In this step, we load the Coursera dataset from Kaggle and do a preliminary check:
- Preview top rows  
- Check dataset shape  
- Display columns  
- Verify missing values  

This helps us understand the structure before building the recommendation pipeline.

In [2]:
import pandas as pd

# Load dataset (update filename if needed)
df = pd.read_csv("../data/Coursera.csv")

print("Dataset Loaded Successfully!\n")

print("Shape:", df.shape)
print("\nColumns:", df.columns.tolist())

display(df.head())

print("\n Missing Values:")
print(df.isna().sum())


Dataset Loaded Successfully!

Shape: (3522, 7)

Columns: ['Course Name', 'University', 'Difficulty Level', 'Course Rating', 'Course URL', 'Course Description', 'Skills']

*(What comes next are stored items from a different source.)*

lemma higher_sum: "(D ^^ k) (sum f S) = (\<Sum>x\<in>S. (D ^^ k) (f x))"
  by (induction k) (auto simp: sum)

lemma higher_mult_const: "D c = 0 \<Longrightarrow> (D ^^ k) (c * x) = c * (D ^^ k) x"
  by (induction k) (auto simp: mult_const)

lemma higher_one: "(D ^^ k) 1 = (if k = 0 then 1 else 0)"
  by (induction k) auto

lemma higher_higher: "(D ^^ p) ((D ^^ q) x) = (D ^^ (p + q)) x"
  by (simp add: funpow_add)

lemma higher_Leibniz:
  "(D ^^ n) (a * b) = (\<Sum>k\<le>n. of_nat (n choose k) * (D ^^ k) a * (D ^^ (n - k)) b)"
proof (induction n)
  case (Suc n)
  have "(D ^^ Suc n) (a * b) =
      (\<Sum>k\<le>n. of_nat (n choose k) * (D ^^ Suc k) a * (D ^^ (n - k)) b) +
      (\<Sum>k\<le>n. of_nat (n choose k) * (D ^^ k) a * (D ^^ Suc (n - k)) b)"
    using Suc.IH by (simp add: sum mult add sum.distrib algebra_simps)
  also have "\<dots> = (\<Sum>k\<le>n. of_nat (n choose k) * (D ^^ k) a * (D ^^ (Suc n - k)) b) +
      (\<Sum>k=1..Suc n. of_nat (n choose (k - 1)) * (D ^^ k) a * (D ^^ (Suc n - k)) b)"
    by (simp add: atMost_atLeast0 sum.shift_bounds_cl_Suc_ivl Suc_diff_le field_simps
        del: sum.cl_ivl_Suc)
  also have "\<dots> = (D ^^ Suc n) b * a +
      (\<Sum>k=1..n. of_nat (n choose k) * (D ^^ k) a * (D ^^ (Suc n - k)) b) + ((D ^^ Suc n) a * b +
      (\<Sum>k=1..n. of_nat (n choose (k - 1)) * (D ^^ k) a * (D ^^ (Suc n - k)) b))"
    using sum.nat_ivl_Suc'[of 1 n "\<lambda>k. of_nat (n choose (k - 1)) * (D ^^ k) a * (D ^^ (Suc n - k)) b"]
    by (simp add: sum.atLeast_Suc_atMost atMost_atLeast0)
  also have "\<dots> = (D ^^ Suc n) a * b + (D ^^ Suc n) b * a +
      (\<Sum>k=1..n. of_nat (Suc n choose k) * (D ^^ k) a * (D ^^ (Suc n - k)) b)"
    by (auto simp: field_simps choose_reduce_nat simp flip: sum.distrib)
  also have "\<dots> = (\<Sum>k\<le>Suc n. of_nat (Suc n choose k) * (D ^^ k) a * (D ^^ (Suc n - k)) b)"
    by (simp add: atMost_atLeast0 sum.atLeast_Suc_atMost field_simps)
  finally show ?case .
qed simp
(* Any PUT operation $O$ by client $c$ writing key $k$ of partition $p$ at time $t$ with dependency timestamp $dt = dt_w$ satisfies per-key monotonic-write consistency: for every server $s$ and every time $t'$ such that $CommittedWrites(s,k,t')$ includes $O$, no client accessing $s$ (at or after $t'$) reads a value of $k$ written by a write $w\neq O$ with $w\in ClientWrites(c,k,t)$.
   Context: System model. Data is replicated in $D$ datacenters and split into $P$ partitions. In each datacenter $d$, each partition is replicated by a Raft group with a leader $L_d$; Raft guarantees that all members of a group commit the same totally ordered sequence of log entries, each with a log index, in increasing index order. Every version $v$ of a key carries a value, an originating datacenter $v.dc\_id$, the log index $idx(v)$ it received in the Raft log of its originating datacenter, and a hybrid logical clock (HLC) timestamp $v.t=\langle l,c\rangle$; HLC timestamps are compared lexicographically. Writes committed in the group of datacenter $d$ that originated at $d$ are forwarded, in commit order, over FIFO channels to the leaders of the same partition in every other datacenter, which append them (carrying their original index $idx(v)$) to their own Raft logs. Each server $s$ keeps a vector $sv$ of length $D$, initially zero; when $s$ commits a version $v$ it sets $sv[v.dc\_id]:=idx(v)$ and adds $v$ to the version chain of its key. Client protocol. Each client $c$ keeps $D\times P$ matrices $hrm$ (highest read) and $hwm$ (highest write), initially zero, and HLC timestamps $dt_r,dt_w$, initially zero. GET of key $k$ in partition $p$: the client sends vectors $hrv,hwv$ of length $D$ (each either the zero vector or $hrm[:,p]$, resp. $hwm[:,p]$); the server blocks while there is $i$ with $sv[i]<hrv[i]$ or $sv[i]<hwv[i]$; it then returns the version $v$ of $k$ in its version chain with the largest timestamp, together with $v.dc\_id$, $sv[v.dc\_id]$ and $v.t$; the client sets $hrm[v.dc\_id,p]:=\max(hrm[v.dc\_id,p],sv[v.dc\_id])$ and $dt_r:=\max(dt_r,v.t)$. PUT of key $k$ in partition $p$ at leader $L_d$: the client sends a dependency timestamp $dt$ (one of $0$, $dt_r$, $dt_w$, $\max(dt_r,dt_w)$); the leader updates its HLC $\langle l,c\rangle$ with $dt$ by the rule: $l':=l$; $l:=\max(l',pt,dt.l)$ where $pt$ is its physical clock; then $c:=\max(c,dt.c)+1$ if $l=l'=dt.l$, else $c:=c+1$ if $l=l'$, else $c:=dt.c+1$ if $l=dt.l$, else $c:=0$; it timestamps the new version with the updated HLC value $t$ and $dc\_id=d$, appends it to the Raft log, and after commit replies with $d$, $sv[d]$ and $t$; the client sets $hwm[d,p]:=\max(hwm[d,p],sv[d])$ and $dt_w:=\max(dt_w,t)$. Definitions. $CommittedWrites(s,k,t)$ is the ordered sequence of all writes of key $k$ committed at server $s$ by time $t$; $ClientWrites(c,k,t)$ is the ordered sequence of all writes of $k$ done by client $c$ by time $t$; $ClientReads(c,k,t)$ is the set of writes whose value of $k$ has been read by client $c$ by time $t$. *)

theory Defs
  imports Main "HOL-Library.Product_Lexorder"
begin
(* Let $p>2$ be a prime and $g$ a primitive root modulo $p$. Let $a\ge 0$, $r>0$, $N>0$ be integers such that $\mathcal{J}=\{a+r,a+2r,\dots,a+Nr\}\subset[1,p-1]$, and let $$\mathcal{M}(g)=\Big\{\frac{\log_g(a+jr)}{p-1}\colon 1\le j\le N\Big\}\subset[0,1).$$ There exist absolute constants $c_1,c_2>0$ (independent of $p,g,a,r,N,\alpha,\beta$) such that: (i) for any $0\le\alpha\le\beta\le1$ with $\frac1\pi<p(\beta-\alpha)$, $$\big|\mathcal{D}(\mathcal{M}(g);\alpha,\beta)\big|\le c_1\,p^{1/2}\log p\,\big(2+\log(p(\beta-\alpha))\big);$$ (ii) $$\big|\mathcal{D}(\mathcal{M}(g))\big|\le \frac{c_2}{\operatorname{card}(\mathcal{M}(g))}\,p^{1/2}\log^2 p.$$
   Context: For $x$ coprime to $p$, the discrete logarithm $\log_g x$ is the smallest integer $n\ge 0$ with $g^n\equiv x\pmod p$ (so $0\le \log_g x\le p-2$). For $0\le\alpha\le\beta\le 1$, the discrepancy is $\mathcal{D}(\mathcal{M}(g);\alpha,\beta)=\operatorname{card}(\mathcal{M}(g)\cap[\alpha,\beta])-(\beta-\alpha)\operatorname{card}(\mathcal{M}(g))$, and the extreme discrepancy is $\mathcal{D}(\mathcal{M}(g))=\frac{1}{\operatorname{card}(\mathcal{M}(g))}\sup_{0\le\alpha\le\beta\le1}|\mathcal{D}(\mathcal{M}(g);\alpha,\beta)|$. $\log$ without subscript denotes the natural logarithm. *)

theory Defs
  imports "HOL-Analysis.Analysis" "HOL-Number_Theory.Number_Theory"
begin

definition dlog :: "nat \<Rightarrow> nat \<Rightarrow> nat \<Rightarrow> nat" where
  "dlog p g x = (LEAST n::nat. [g ^ n = x] (mod p))"

definition Mset :: "nat \<Rightarrow> nat \<Rightarrow> nat \<Rightarrow> nat \<Rightarrow> nat \<Rightarrow> real set" where
  "Mset p g a r N = (\<lambda>j. real (dlog p g (a + j * r)) / real (p - 1)) ` {1..N}"

definition disc :: "real set \<Rightarrow> real \<Rightarrow> real \<Rightarrow> real" where
  "disc M \<alpha> \<beta> = real (card (M \<inter> {\<alpha>..\<beta>})) - (\<beta> - \<alpha>) * real (card M)"

definition ext_disc :: "real set \<Rightarrow> real" where
  "ext_disc M = (1 / real (card M)) *
     (SUP ab \<in> {(\<alpha>, \<beta>). 0 \<le> \<alpha> \<and> \<alpha> \<le> \<beta> \<and> \<beta> \<le> 1}. \<bar>disc M (fst ab) (snd ab)\<bar>)"

end

theory Submission
  imports Defs "HOL-Library.Real_Mod"
begin

text \<open>
  The discrepancy is controlled, Erd\H{o}s--Tur\'an style, by the sums
  \<open>S(k) = \<Sum>\<^sub>j e((k ind(a + j r)) / (p - 1))\<close> for \<open>0 < k < p - 1\<close>.
  Multiplying \<open>S(k)\<close> by the Gauss sum \<open>\<tau>(k) = \<Sum>\<^sub>w e(-k w / (p - 1)) e(g\<^sup>w / p)\<close>, of modulus
  \<open>\<surd>p\<close>, replaces the character of the index by additive characters of the progression
  itself; these are geometric sums, so \<open>|S(k)| \<le> 4 \<surd>p (1 + log p)\<close> (P\'olya--Vinogradov).
  Summing against the Fourier coefficients of an interval, of size \<open>\<le> 2 / |e(k / (p - 1)) - 1|\<close>,
  gives \<open>|D| = O(\<surd>p log\<^sup>2 p)\<close> for every interval. For intervals of length \<open>L / p\<close> with
  \<open>L < \<surd>p\<close> the trivial bound \<open>|D| \<le> L + 1\<close> is better, and together they give (i).
\<close>

section \<open>Additive characters\<close>

definition add_char :: "nat \<Rightarrow> int \<Rightarrow> complex" where
  "add_char n x = cis (2 * pi * of_int x / of_nat n)"

lemma add_char_add: "add_char n (x + y) = add_char n x * add_char n y"
  unfolding add_char_def by (simp add: cis_mult add_divide_distrib distrib_left)

lemma add_char_0 [simp]: "add_char n 0 = 1"
  unfolding add_char_def by simp

lemma norm_add_char [simp]: "norm (add_char n x) = 1"
  unfolding add_char_def by simp

lemma add_char_uminus: "add_char n (- x) = cnj (add_char n x)"
  unfolding add_char_def by (simp add: cis_cnj)

lemma cnj_add_char_mult: "cnj (add_char n x) * add_char n y = add_char n (y - x)"
  by (simp add: add_char_uminus [symmetric] add_char_add [symmetric])

lemma add_char_power: "add_char n x ^ m = add_char n (int m * x)"
  by (induction m) (auto simp: add_char_add algebra_simps)

lemma add_char_eq_1_iff:
  assumes "n > 0"
  shows "add_char n x = 1 \<longleftrightarrow> int n dvd x"
proof -
  have "2 * pi * of_int x / of_nat n = of_int m * (2 * pi) \<longleftrightarrow> x = m * int n" for m
  proof -
    have "2 * pi * of_int x / of_nat n = of_int m * (2 * pi) \<longleftrightarrow> real_of_int x = of_int (m * int n)"
      using assms by (simp add: field_simps)
    then show ?thesis by (simp only: of_int_eq_iff)
  qed
  then show ?thesis
    unfolding add_char_def cis_eq_1_iff by (auto simp: dvd_def mult.commute)
qed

Unnamed: 0,Course Name,University,Difficulty Level,Course Rating,Course URL,Course Description,Skills
0,Write A Feature Length Screenplay For Film Or ...,Michigan State University,Beginner,4.8,https://www.coursera.org/learn/write-a-feature...,Write a Full Length Feature Film Script In th...,Drama Comedy peering screenwriting film D...
1,Business Strategy: Business Model Canvas Analy...,Coursera Project Network,Beginner,4.8,https://www.coursera.org/learn/canvas-analysis...,"By the end of this guided project, you will be...",Finance business plan persona (user experien...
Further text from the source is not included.